But we still see JPEG compression artifacts. Will that be a problem for precise byte-by-byte data exfiltration? We'll get to it later.

The vulnerability

The hunt for this vulnerability starts with the realization that we don't know if Yahoo! is running an uptodate ImageMagick or not. Given that we know Yahoo! supports the RLE format, perhaps we can use the same techniques outlined in my previous post about memory corruption in Box.com?

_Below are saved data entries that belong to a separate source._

(* Let $G$ be a prime $\{P_5,\overline{P_5},C_5\}$-free graph. Then $G$ has an antisimplicial vertex, or $G$ admits a 1-join.
   Context: All graphs are finite and simple. $P_n$ is the path on $n$ vertices, $C_n$ the cycle of length $n$, $\overline{G}$ the complement. $G$ is $H$-free if it has no induced subgraph isomorphic to $H$. A vertex $b\notin X$ is mixed on $X$ if it has both a neighbor and a non-neighbor in $X$. A homogeneous set is a set $X\subseteq V(G)$ with $1<|X|<|V(G)|$ such that no vertex outside $X$ is mixed on $X$. $G$ is prime if $|V(G)|\ge4$ and has no homogeneous set. A vertex $v$ is antisimplicial if $V(G)\setminus N(v)$ is a stable set. $G$ admits a 1-join if $V(G)$ can be partitioned into four non-empty pairwise disjoint sets $(A,B,C,D)$ such that $A$ is anticomplete to $C\cup D$ (no edges between them), and $B$ is complete to $C$ (all edges present) and anticomplete to $D$. *)

theory Defs
  imports Main
begin

text \<open>A finite simple graph: vertex set V and adjacency relation E on V,
  symmetric and irreflexive. Only the restriction of E to V matters.\<close>

definition graph :: "'a set \<Rightarrow> ('a \<Rightarrow> 'a \<Rightarrow> bool) \<Rightarrow> bool" where
  "graph V E \<longleftrightarrow> finite V \<and> (\<forall>x\<in>V. \<forall>y\<in>V. E x y \<longleftrightarrow> E y x) \<and> (\<forall>x\<in>V. \<not> E x x)"

definition induced_sub :: "'b set \<Rightarrow> ('b \<Rightarrow> 'b \<Rightarrow> bool) \<Rightarrow> 'a set \<Rightarrow> ('a \<Rightarrow> 'a \<Rightarrow> bool) \<Rightarrow> bool" where
  "induced_sub W F V E \<longleftrightarrow> (\<exists>f. inj_on f W \<and> f ` W \<subseteq> V \<and>
      (\<forall>x\<in>W. \<forall>y\<in>W. E (f x) (f y) \<longleftrightarrow> F x y))"

definition H_free :: "'b set \<Rightarrow> ('b \<Rightarrow> 'b \<Rightarrow> bool) \<Rightarrow> 'a set \<Rightarrow> ('a \<Rightarrow> 'a \<Rightarrow> bool) \<Rightarrow> bool" where
  "H_free W F V E \<longleftrightarrow> \<not> induced_sub W F V E"

definition compl_adj :: "('a \<Rightarrow> 'a \<Rightarrow> bool) \<Rightarrow> 'a \<Rightarrow> 'a \<Rightarrow> bool" where
  "compl_adj E x y \<longleftrightarrow> x \<noteq> y \<and> \<not> E x y"

definition path_adj :: "nat \<Rightarrow> nat \<Rightarrow> bool" where
  "path_adj i j \<longleftrightarrow> i = Suc j \<or> j = Suc i"

definition cycle_adj :: "nat \<Rightarrow> nat \<Rightarrow> nat \<Rightarrow> bool" where
  "cycle_adj n i j \<longleftrightarrow> i \<noteq> j \<and> (i = Suc j mod n \<or> j = Suc i mod n)"

definition P5_free :: "'a set \<Rightarrow> ('a \<Rightarrow> 'a \<Rightarrow> bool) \<Rightarrow> bool" where
  "P5_free V E \<longleftrightarrow> H_free {0..<5::nat} path_adj V E"
lemma no_L_line_joins_C_to_BE:
  assumes P: "pg_point P" "P \<subseteq> vec.span (B \<union> E)" "P \<noteq> B"
    and k: "k \<in> L" "P \<subseteq> k" "C \<subseteq> k"
  shows False
proof -
  let ?\<pi>A = "vec.span (E \<union> A \<union> B)"
  let ?S = "vec.span (vec.span (E \<union> A) \<union> vec.span (A \<union> B) \<union> vec.span (B \<union> C))"
  have "P \<subseteq> ?\<pi>A" using P(2) vec.span_mono[of "B \<union> E" "E \<union> A \<union> B"] by auto
  then have "P \<noteq> C" using C_notin_pencil_plane_at_A by auto
  then have k_eq: "k = vec.span (P \<union> C)"
    using pg_line_eq_join_points[OF line_of_L[OF k(1)] P(1) vertices(3)] k by simp
  have "?\<pi>A \<subseteq> ?S" by (intro vec.span_mono) (use subset_span_Un in blast)
  then have "P \<union> C \<subseteq> ?S" using \<open>P \<subseteq> ?\<pi>A\<close> subset_span_Un[where X=B and Y=C] by (blast intro: vec.span_base)
  then have "k \<in> lines_in L ?S" using k(1) k_eq by (simp add: lines_in_def vec.span_minimal)
  then have "k \<in> lines_through L A \<union> lines_through L B"
    using lines_in_join_of_adjacent_pencils(2)[OF vertices(1,2) vertices_distinct(1) sides_in_L(1)
        _ _ sides_in_L(5) _ sides_distinct(5)[symmetric] sides_in_L(2) _ sides_distinct(1)[symmetric]]
      subset_span_Un[where X=A and Y=B] subset_span_Un[where X=E and Y=A]
      subset_span_Un[where X=B and Y=C] by simp
  then show False
  proof
    assume "k \<in> lines_through L A"
    then show False using pencil_at_A C_notin_pencil_plane_at_A k(3) by (auto simp: lines_in_def)
  next
    assume "k \<in> lines_through L B"
    then have "k = vec.span (P \<union> B)"
      using pg_line_eq_join_points[OF line_of_L[OF k(1)] P(1) vertices(2) P(3)] k(2)
      by (simp add: lines_through_def)
    moreover have "vec.span (B \<union> E) = vec.span (P \<union> B)"
      using pg_line_eq_join_points[OF pg_line_join_points[OF vertices(2,5) vertices_distinct(4)] P(1)
          vertices(2) P(3) P(2)] subset_span_Un[where X=B and Y=E] by simp
    ultimately show False using BE_notin_L k(1) by simp
  qed
qed
(* Let $X$ and $Y$ be Banach spaces and $u:X\to Y$ a continuous linear operator. If the adjoint $u^*:Y^*\to X^*$ is almost summing, then for every $q\geq 2$ and every $(x_i)_{i=1}^\infty\in Rad(X)$ we have $(u(x_i))_{i=1}^\infty\in\ell_q\langle Y\rangle$.
   Context: $r_i$ denote the Rademacher functions. $Rad(X)$ is the space of sequences $(x_i)\subset X$ with $\left(\int_0^1\left\|\sum_{i=1}^\infty r_i(t)x_i\right\|^2dt\right)^{1/2}<\infty$. For $1\le s\le\infty$, $\ell_s^w(X)$ is the space of sequences with $\|(x_i)\|_{w,s}:=\sup_{x^*\in B_{X^*}}\|(x^*(x_i))_i\|_s<\infty$. For $1\le q\le \infty$ with conjugate $q^*$, $\ell_q\langle Y\rangle$ is the space of sequences $(y_i)\subset Y$ such that $\sup\{\sum_i|y_i^*(y_i)|:(y_i^* )\in B_{\ell_{q^*}^w(Y^* )}\}<\infty$. An operator $v\in\mathcal L(E,F)$ is almost summing if there is $C\ge0$ with $\left(\int_0^1\left\|\sum_{i=1}^m r_i(t)v(x_i)\right\|^2dt\right)^{1/2}\le C\|(x_i)_{i=1}^m\|_{w,2}$ for all $m$ and $x_1,\dots,x_m\in E$. *)

theory Defs
  imports "HOL-Analysis.Analysis"
begin

definition rademacher :: "nat \<Rightarrow> real \<Rightarrow> real" where
  "rademacher n t = sgn (sin (2 ^ n * pi * t))"

definition adjoint_op :: "('a::real_normed_vector \<Rightarrow>\<^sub>L 'b::real_normed_vector)
    \<Rightarrow> (('b \<Rightarrow>\<^sub>L real) \<Rightarrow>\<^sub>L ('a \<Rightarrow>\<^sub>L real))" where
  "adjoint_op u = Blinfun (\<lambda>f. f o\<^sub>L u)"

definition weak2_norm_fin :: "nat \<Rightarrow> (nat \<Rightarrow> 'a::real_normed_vector) \<Rightarrow> real" where
  "weak2_norm_fin m x =
     (SUP f \<in> {f :: 'a \<Rightarrow>\<^sub>L real. norm f \<le> 1}. sqrt (\<Sum>i<m. (blinfun_apply f (x i))\<^sup>2))"

definition almost_summing :: "('a::real_normed_vector \<Rightarrow>\<^sub>L 'b::real_normed_vector) \<Rightarrow> bool" where
  "almost_summing v \<longleftrightarrow> (\<exists>C\<ge>0. \<forall>m (x :: nat \<Rightarrow> 'a).
     sqrt (integral {0..1} (\<lambda>t. (norm (\<Sum>i<m. rademacher (Suc i) t *\<^sub>R blinfun_apply v (x i)))\<^sup>2))
       \<le> C * weak2_norm_fin m x)"

text \<open>Rad(X): the sequence x_0, x_1, ... (standing for x_1, x_2, ... of the paper) such that
  the Rademacher series sum r_i(t) x_i converges for a.e. t in [0,1] and
  the integral of the squared norm of its sum over [0,1] is finite.\<close>
definition Rad :: "(nat \<Rightarrow> 'a::banach) set" where
  "Rad = {x. (AE t in lborel. t \<in> {0..1} \<longrightarrow> summable (\<lambda>i. rademacher (Suc i) t *\<^sub>R x i)) \<and>
             (\<lambda>t. (norm (\<Sum>i. rademacher (Suc i) t *\<^sub>R x i))\<^sup>2) integrable_on {0..1}}"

Interestingly enough, the crash file doesn't seem to crash anything but all the test files do seem to render instead of failing cleanly as would be expected with an uptodate ImageMagick. After some pondering, the most likely explanation is that the Yahoo! ImageMagick is indeed old and vulnerable, but the different heap setup we learned out about with YB1 means that the out-of-bounds heap write test case has no effect due to alignment slop.

To test this hypothesis, we make an out-of-bounds heap write RLE file that substantially overflows a smaller chunk (64 bytes, with a 16 byte or so overflow), and upload that to Yahoo!
And sure enough, hitting the thumbnail fetch URL fairly reliably (50% or so) results in:

This looks like a very significant backend failure, and our best guess is a SIGSEGV due to the presence of the 2+ years old RLE memory corruption issue.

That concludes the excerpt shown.